• Data to use
theorem mainTheorem13:
  fixes hs :: "(('v::euclidean_space) \<Rightarrow> 'v \<Rightarrow> real) list"
    and k :: "'v \<Rightarrow> 'v \<Rightarrow> real"
    and m :: nat
  assumes "\<forall>h\<in>set hs. bilinear h"
    and "bilinear k"
  shows "(\<forall>xs ys. length xs = length hs - 1 \<longrightarrow> length ys = length hs - 1 \<longrightarrow>
            contr (length hs) (length hs) (bprod hs) xs ys =
              (\<Sum>i<length hs. btrace (hs ! i) * bprod (nths hs (- {i})) xs ys)
            - (\<Sum>j<length hs. \<Sum>i<j.
                 dprod 1 1 (bf (\<lambda>x y. bcomp (hs ! j) (hs ! i) x y + bcomp (hs ! i) (hs ! j) x y))
                   (bprod (nths hs (- {i, j}))) xs ys))
       \<and> (\<forall>xs ys. length xs = m - 1 \<longrightarrow> length ys = m - 1 \<longrightarrow>
            contr m m (bprod (replicate m k)) xs ys =
              real m * btrace k * bprod (replicate (m - 1) k) xs ys
            - real m * (real m - 1) * dprod 1 1 (bf (bcomp k k)) (bprod (replicate (m - 2) k)) xs ys)"
  using contr_bprod contr_bprod_replicate by blast

end
(* Let $\mathcal{H}$ be a complex Hilbert space, let $T, S\in\mathbb{B}(\mathcal{H})$ be self-adjoint operators and let $N(\cdot)$ be a self-adjoint algebra norm on $\mathbb{B}(\mathcal{H})$. If $TS = ST$ or $TS=-ST$, then $$w_{N}(TS) \leq \min\{N(T)w_{N}(S),\ N(S)w_{N}(T)\}.$$
   Context: $\mathbb{B}(\mathcal{H})$ is the algebra of bounded linear operators on $\mathcal{H}$. A norm $N(\cdot)$ on $\mathbb{B}(\mathcal{H})$ is an algebra norm if $N(TS)\le N(T)N(S)$ for all $T,S$, and self-adjoint if $N(T^* )=N(T)$ for all $T$. For $A\in\mathbb{B}(\mathcal{H})$, ${\rm Re}(A)=\frac{A+A^*}{2}$. The generalized numerical radius is $w_N(T)=\sup_{\theta\in\mathbb{R}} N\big({\rm Re}(e^{i\theta}T)\big)$. *)

theory Defs
  imports "HOL-Analysis.Analysis"
begin

text \<open>HOL-Analysis only provides real inner product spaces, so complex ones are
introduced here as a type class: a real normed vector space carrying a complex
scalar multiplication (compatible with the real one) and a complex inner product,
linear in the second and conjugate-linear in the first argument, inducing the norm.\<close>

class complex_inner_space = real_normed_vector +
  fixes scaleC :: "complex \<Rightarrow> 'a \<Rightarrow> 'a"
    and cinner :: "'a \<Rightarrow> 'a \<Rightarrow> complex"
  assumes scaleC_add_left: "scaleC (a + b) x = scaleC a x + scaleC b x"
    and scaleC_add_right: "scaleC a (x + y) = scaleC a x + scaleC a y"
    and scaleC_scaleC: "scaleC a (scaleC b x) = scaleC (a * b) x"
    and scaleC_one: "scaleC 1 x = x"
    and scaleR_scaleC: "scaleR r x = scaleC (complex_of_real r) x"
    and cinner_commute: "cinner x y = cnj (cinner y x)"
    and cinner_add_left: "cinner (x + y) z = cinner x z + cinner y z"
    and cinner_scaleC_left: "cinner (scaleC c x) y = cnj c * cinner x y"
    and cinner_ge_zero: "Im (cinner x x) = 0 \<and> 0 \<le> Re (cinner x x)"
    and cinner_eq_zero_iff: "cinner x x = 0 \<longleftrightarrow> x = 0"
    and norm_eq_sqrt_cinner: "norm x = sqrt (Re (cinner x x))"

class chilbert_space = complex_inner_space + complete_space

text \<open>Sanity check that the classes are not vacuous: \<open>complex\<close> is an instance.\<close>

instantiation complex :: complex_inner_space
begin
definition scaleC_complex :: "complex \<Rightarrow> complex \<Rightarrow> complex" where
  "scaleC_complex a x = a * x"
definition cinner_complex :: "complex \<Rightarrow> complex \<Rightarrow> complex" where
  "cinner_complex x y = cnj x * y"
instance
proof
  fix a b x y z c :: complex and r :: real
  show "scaleC (a + b) x = scaleC a x + scaleC b x" by (simp add: scaleC_complex_def algebra_simps)
  show "scaleC a (x + y) = scaleC a x + scaleC a y" by (simp add: scaleC_complex_def algebra_simps)
  show "scaleC a (scaleC b x) = scaleC (a * b) x" by (simp add: scaleC_complex_def algebra_simps)
  show "scaleC 1 x = x" by (simp add: scaleC_complex_def)
  show "scaleR r x = scaleC (complex_of_real r) x" by (simp add: scaleC_complex_def scaleR_conv_of_real)
  show "cinner x y = cnj (cinner y x)" by (simp add: cinner_complex_def)
  show "cinner (x + y) z = cinner x z + cinner y z" by (simp add: cinner_complex_def algebra_simps)
  show "cinner (scaleC c x) y = cnj c * cinner x y" by (simp add: cinner_complex_def scaleC_complex_def)
  show "Im (cinner x x) = 0 \<and> 0 \<le> Re (cinner x x)" by (simp add: cinner_complex_def)
  show "cinner x x = 0 \<longleftrightarrow> x = 0" by (simp add: cinner_complex_def)
  show "norm x = sqrt (Re (cinner x x))"
    by (simp add: cinner_complex_def cmod_def power2_eq_square)
qed
end

instance complex :: chilbert_space ..

definition bounded_clinear_op :: "('a::complex_inner_space \<Rightarrow> 'a) \<Rightarrow> bool" where
  "bounded_clinear_op T \<longleftrightarrow>
     (\<forall>x y. T (x + y) = T x + T y) \<and>
     (\<forall>c x. T (scaleC c x) = scaleC c (T x)) \<and>
     (\<exists>K. \<forall>x. norm (T x) \<le> norm x * K)"

definition adj :: "('a::complex_inner_space \<Rightarrow> 'a) \<Rightarrow> ('a \<Rightarrow> 'a)" where
  "adj T = (SOME A. bounded_clinear_op A \<and> (\<forall>x y. cinner (T x) y = cinner x (A y)))"

definition selfadjoint_op :: "('a::complex_inner_space \<Rightarrow> 'a) \<Rightarrow> bool" where
  "selfadjoint_op T \<longleftrightarrow> (\<forall>x y. cinner (T x) y = cinner x (T y))"

definition op_scale :: "complex \<Rightarrow> ('a::complex_inner_space \<Rightarrow> 'a) \<Rightarrow> ('a \<Rightarrow> 'a)" where
  "op_scale c T = (\<lambda>x. scaleC c (T x))"

definition op_Re :: "('a::complex_inner_space \<Rightarrow> 'a) \<Rightarrow> ('a \<Rightarrow> 'a)" where
  "op_Re A = op_scale (1/2) (\<lambda>x. A x + adj A x)"

definition op_norm_on_BH :: "(('a::complex_inner_space \<Rightarrow> 'a) \<Rightarrow> real) \<Rightarrow> bool" where
  "op_norm_on_BH N \<longleftrightarrow>
     (\<forall>T. bounded_clinear_op T \<longrightarrow> 0 \<le> N T) \<and>
     (\<forall>T. bounded_clinear_op T \<longrightarrow> (N T = 0 \<longleftrightarrow> T = (\<lambda>x. 0))) \<and>
     (\<forall>c T. bounded_clinear_op T \<longrightarrow> N (op_scale c T) = cmod c * N T) \<and>
     (\<forall>T S. bounded_clinear_op T \<longrightarrow> bounded_clinear_op S \<longrightarrow>
        N (\<lambda>x. T x + S x) \<le> N T + N S)"

definition algebra_norm :: "(('a::complex_inner_space \<Rightarrow> 'a) \<Rightarrow> real) \<Rightarrow> bool" where
  "algebra_norm N \<longleftrightarrow> op_norm_on_BH N \<and>
     (\<forall>T S. bounded_clinear_op T \<longrightarrow> bounded_clinear_op S \<longrightarrow> N (T \<circ> S) \<le> N T * N S)"

definition selfadjoint_norm :: "(('a::complex_inner_space \<Rightarrow> 'a) \<Rightarrow> real) \<Rightarrow> bool" where
  "selfadjoint_norm N \<longleftrightarrow> (\<forall>T. bounded_clinear_op T \<longrightarrow> N (adj T) = N T)"

definition w_N :: "(('a::complex_inner_space \<Rightarrow> 'a) \<Rightarrow> real) \<Rightarrow> ('a \<Rightarrow> 'a) \<Rightarrow> real" where
  "w_N N T = (SUP \<theta>::real. N (op_Re (op_scale (cis \<theta>) T)))"

end

theory Submission
  imports Defs
begin

text \<open>If \<open>X\<^sup>* = e X\<close> with \<open>|e| = 1\<close>, then \<open>Re (c X) = ((c + cnj c e) / 2) X\<close>, and the scalar has
modulus at most 1 for \<open>|c| = 1\<close>; hence \<open>w\<^sub>N(X) \<le> N(X)\<close>, with equality for self-adjoint \<open>X\<close>
(take \<open>c = 1\<close>). If \<open>T, S\<close> are self-adjoint and commute or anticommute, then
\<open>(TS)\<^sup>* = ST = \<plusminus>TS\<close>, so \<open>w\<^sub>N(TS) \<le> N(TS) \<le> N(T) N(S)\<close>, and \<open>N(T) = w\<^sub>N(T)\<close>, \<open>N(S) = w\<^sub>N(S)\<close>.\<close>

lemma cinner_add_right:
  fixes x y z :: "'a::complex_inner_space"
  shows "cinner x (y + z) = cinner x y + cinner x z"
  by (metis cinner_commute cinner_add_left complex_cnj_add)

lemma cinner_scaleC_right:
  fixes x y :: "'a::complex_inner_space"
  shows "cinner x (scaleC c y) = c * cinner x y"
  by (metis cinner_commute cinner_scaleC_left complex_cnj_mult complex_cnj_cnj)

lemma cinner_diff_right:
  fixes x y z :: "'a::complex_inner_space"
  shows "cinner x (y - z) = cinner x y - cinner x z"
  by (metis cinner_add_right diff_add_cancel add_diff_cancel)

lemma scaleC_minus1_left: "scaleC (-1) (x::'a::complex_inner_space) = - x"
  by (metis scaleR_scaleC scaleR_minus1_left of_real_minus of_real_1)

lemma norm_scaleC: "norm (scaleC c (x::'a::complex_inner_space)) = cmod c * norm x"
proof -
  have "cinner (scaleC c x) (scaleC c x) = (cnj c * c) * cinner x x"
    by (simp add: cinner_scaleC_left cinner_scaleC_right)
  also have "cnj c * c = complex_of_real ((cmod c)\<^sup>2)"
    by (metis complex_norm_square mult.commute)
  finally have "cinner (scaleC c x) (scaleC c x) = complex_of_real ((cmod c)\<^sup>2) * cinner x x" .
  then have "Re (cinner (scaleC c x) (scaleC c x)) = (cmod c)\<^sup>2 * Re (cinner x x)"
    by simp
  then show ?thesis
    using cinner_ge_zero[of x]
    by (simp add: norm_eq_sqrt_cinner[of "scaleC c x"] norm_eq_sqrt_cinner[of x] real_sqrt_mult)
qed

lemma bounded_clinear_op_scale:
  assumes "bounded_clinear_op (X::'a::complex_inner_space \<Rightarrow> 'a)"
  shows "bounded_clinear_op (op_scale c X)"
proof -
  from assms obtain K where K: "\<And>x. norm (X x) \<le> norm x * K"
    and add: "\<And>x y. X (x + y) = X x + X y" and hom: "\<And>d x. X (scaleC d x) = scaleC d (X x)"
    unfolding bounded_clinear_op_def by blast
  have "norm (scaleC c (X x)) \<le> norm x * (cmod c * K)" for x
    using mult_left_mono[OF K[of x], of "cmod c"] by (simp add: norm_scaleC mult.left_commute)
  moreover have "scaleC c (X (scaleC d x)) = scaleC d (scaleC c (X x))" for d x
    by (simp add: hom scaleC_scaleC mult.commute)
  ultimately show ?thesis
    unfolding bounded_clinear_op_def op_scale_def by (auto simp: add scaleC_add_right)
qed

lemma bounded_clinear_op_comp:
  assumes "bounded_clinear_op (T::'a::complex_inner_space \<Rightarrow> 'a)" and "bounded_clinear_op S"
  shows "bounded_clinear_op (T \<circ> S)"
proof -
  from assms obtain K L where K: "\<And>x. norm (T x) \<le> norm x * K" and L: "\<And>x. norm (S x) \<le> norm x * L"
    unfolding bounded_clinear_op_def by blast
  have "norm (T (S x)) \<le> norm x * (max L 0 * max K 0)" for x
  proof -
    have "norm (T (S x)) \<le> norm (S x) * max K 0"
      using K[of "S x"] by (smt (verit) mult_left_mono norm_ge_zero)
    also have "\<dots> \<le> (norm x * max L 0) * max K 0"
      using L[of x] by (intro mult_right_mono) (smt (verit) mult_left_mono norm_ge_zero, simp)
    finally show ?thesis by (simp add: mult.assoc)
  qed
  then show ?thesis using assms unfolding bounded_clinear_op_def by auto
qed

lemma adj_eqI:
  assumes "bounded_clinear_op (A::'a::complex_inner_space \<Rightarrow> 'a)"
    and "\<And>x y. cinner (T x) y = cinner x (A y)"
  shows "adj T = A"
proof
  fix y
  have "bounded_clinear_op (adj T) \<and> (\<forall>x y. cinner (T x) y = cinner x (adj T y))"
    unfolding adj_def by (rule someI[where x = A]) (simp add: assms)
  then have "cinner x (adj T y) = cinner x (A y)" for x
    using assms(2) by metis
  then have "cinner (adj T y - A y) (adj T y - A y) = 0"
    by (simp add: cinner_diff_right)
  then show "adj T y = A y"
    by (simp add: cinner_eq_zero_iff)
qed

lemma op_Re_op_scale:
  assumes "bounded_clinear_op (X::'a::complex_inner_space \<Rightarrow> 'a)"
    and "\<And>x y. cinner (X x) y = cinner x (scaleC e (X y))"
  shows "op_Re (op_scale c X) = op_scale ((c + cnj c * e) / 2) X"
proof -
  have "adj (op_scale c X) = op_scale (cnj c * e) X"
    using assms by (intro adj_eqI bounded_clinear_op_scale)
      (simp_all add: op_scale_def cinner_scaleC_left cinner_scaleC_right scaleC_scaleC)
  then show ?thesis
    by (simp add: op_Re_def op_scale_def scaleC_scaleC scaleC_add_right[symmetric]
        scaleC_add_left[symmetric] add_divide_distrib)
qed

lemma cmod_half_sum_le_1:
  assumes "cmod c = 1" and "cmod e = 1"
  shows "cmod ((c + cnj c * e) / 2) \<le> 1"
proof -
  have "cmod (c + cnj c * e) \<le> cmod c + cmod (cnj c * e)"
    by (rule norm_triangle_ineq)
  also have "\<dots> = 2"
    using assms by (simp add: norm_mult)
  finally show ?thesis
    by (simp add: norm_divide)
qed

lemma op_norm_on_BH_nonneg:
  "op_norm_on_BH N \<Longrightarrow> bounded_clinear_op X \<Longrightarrow> 0 \<le> N X"
  by (simp add: op_norm_on_BH_def)

lemma N_op_Re_cis_scale:
  assumes "op_norm_on_BH N" and "bounded_clinear_op (X::'a::complex_inner_space \<Rightarrow> 'a)"
    and "\<And>x y. cinner (X x) y = cinner x (scaleC e (X y))"
  shows "N (op_Re (op_scale (cis t) X)) = cmod ((cis t + cnj (cis t) * e) / 2) * N X"
  using assms by (simp add: op_Re_op_scale op_norm_on_BH_def)

lemma N_op_Re_cis_scale_le:
  assumes "op_norm_on_BH N" and "bounded_clinear_op (X::'a::complex_inner_space \<Rightarrow> 'a)"
    and "\<And>x y. cinner (X x) y = cinner x (scaleC e (X y))" and "cmod e = 1"
  shows "N (op_Re (op_scale (cis t) X)) \<le> N X"
  unfolding N_op_Re_cis_scale[OF assms(1-3)]
  using assms op_norm_on_BH_nonneg
  by (intro mult_left_le_one_le cmod_half_sum_le_1) auto

lemma w_N_le:
  assumes "op_norm_on_BH N" and "bounded_clinear_op (X::'a::complex_inner_space \<Rightarrow> 'a)"
    and "\<And>x y. cinner (X x) y = cinner x (scaleC e (X y))" and "cmod e = 1"
  shows "w_N N X \<le> N X"
  unfolding w_N_def using N_op_Re_cis_scale_le[OF assms] by (intro cSUP_least) auto

lemma w_N_selfadjoint:
  assumes N: "op_norm_on_BH N" and "bounded_clinear_op (X::'a::complex_inner_space \<Rightarrow> 'a)"
    and "selfadjoint_op X"
  shows "w_N N X = N X"
proof -
  have X: "cinner (X x) y = cinner x (scaleC 1 (X y))" for x y
    using \<open>selfadjoint_op X\<close> by (simp add: selfadjoint_op_def scaleC_one)
  note le = N_op_Re_cis_scale_le[OF N \<open>bounded_clinear_op X\<close> X]
  have "N X = N (op_Re (op_scale (cis 0) X))"
    using N_op_Re_cis_scale[OF N \<open>bounded_clinear_op X\<close> X, of 0] by simp
  also have "\<dots> \<le> w_N N X"
    unfolding w_N_def using le by (intro cSUP_upper bdd_aboveI[where M = "N X"]) auto
  finally show ?thesis
    using w_N_le[OF N \<open>bounded_clinear_op X\<close> X] by simp
qed

lemma selfadjoint_comp_adjoint_sign:
  assumes "selfadjoint_op (T::'a::complex_inner_space \<Rightarrow> 'a)" and "selfadjoint_op S"
    and "T \<circ> S = S \<circ> T \<or> T \<circ> S = (\<lambda>x. - (S \<circ> T) x)"
  obtains e where "cmod e = 1" and "\<And>x y. cinner ((T \<circ> S) x) y = cinner x (scaleC e ((T \<circ> S) y))"
proof -
  have TS: "cinner ((T \<circ> S) x) y = cinner x (S (T y))" for x y
    using assms(1,2) by (simp add: selfadjoint_op_def)
  consider "T \<circ> S = S \<circ> T" | "T \<circ> S = (\<lambda>x. - (S \<circ> T) x)"
    using assms(3) by blast
  then show ?thesis
  proof cases
    case 1
    then have "S (T y) = scaleC 1 ((T \<circ> S) y)" for y
      by (metis comp_apply scaleC_one)
    then show ?thesis using that[of 1] TS by simp
  next
    case 2
    then have "S (T y) = scaleC (-1) ((T \<circ> S) y)" for y
      by (metis comp_apply scaleC_minus1_left minus_minus)
    then show ?thesis using that[of "-1"] TS by simp
  qed
qed

theorem corollary2p9:
  fixes T S :: "'a::chilbert_space \<Rightarrow> 'a"
    and N :: "('a \<Rightarrow> 'a) \<Rightarrow> real"
  assumes "bounded_clinear_op T" and "bounded_clinear_op S"
    and "selfadjoint_op T" and "selfadjoint_op S"
    and "algebra_norm N" and "selfadjoint_norm N"
    and "T \<circ> S = S \<circ> T \<or> T \<circ> S = (\<lambda>x. - (S \<circ> T) x)"
  shows "w_N N (T \<circ> S) \<le> min (N T * w_N N S) (N S * w_N N T)"
proof -
  have N: "op_norm_on_BH N" using \<open>algebra_norm N\<close> by (simp add: algebra_norm_def)
  obtain e where "cmod e = 1" and "\<And>x y. cinner ((T \<circ> S) x) y = cinner x (scaleC e ((T \<circ> S) y))"
    using selfadjoint_comp_adjoint_sign[OF assms(3,4,7)] by blast
  then have "w_N N (T \<circ> S) \<le> N (T \<circ> S)"
    using w_N_le[OF N bounded_clinear_op_comp[OF assms(1,2)]] by blast
  also have "\<dots> \<le> N T * N S"
    using assms(1,2,5) by (simp add: algebra_norm_def)
  finally show ?thesis
    using w_N_selfadjoint[OF N assms(1,3)] w_N_selfadjoint[OF N assms(2,4)] by (simp add: mult.commute)
qed

end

• Exercise objective
Only lines that include "instance" belong in the answer; return them from the entries above.

• Finished exercise
text \<open>Sanity check that the classes are not vacuous: \<open>complex\<close> is an instance.\<close>
instance
instance complex :: chilbert_space ..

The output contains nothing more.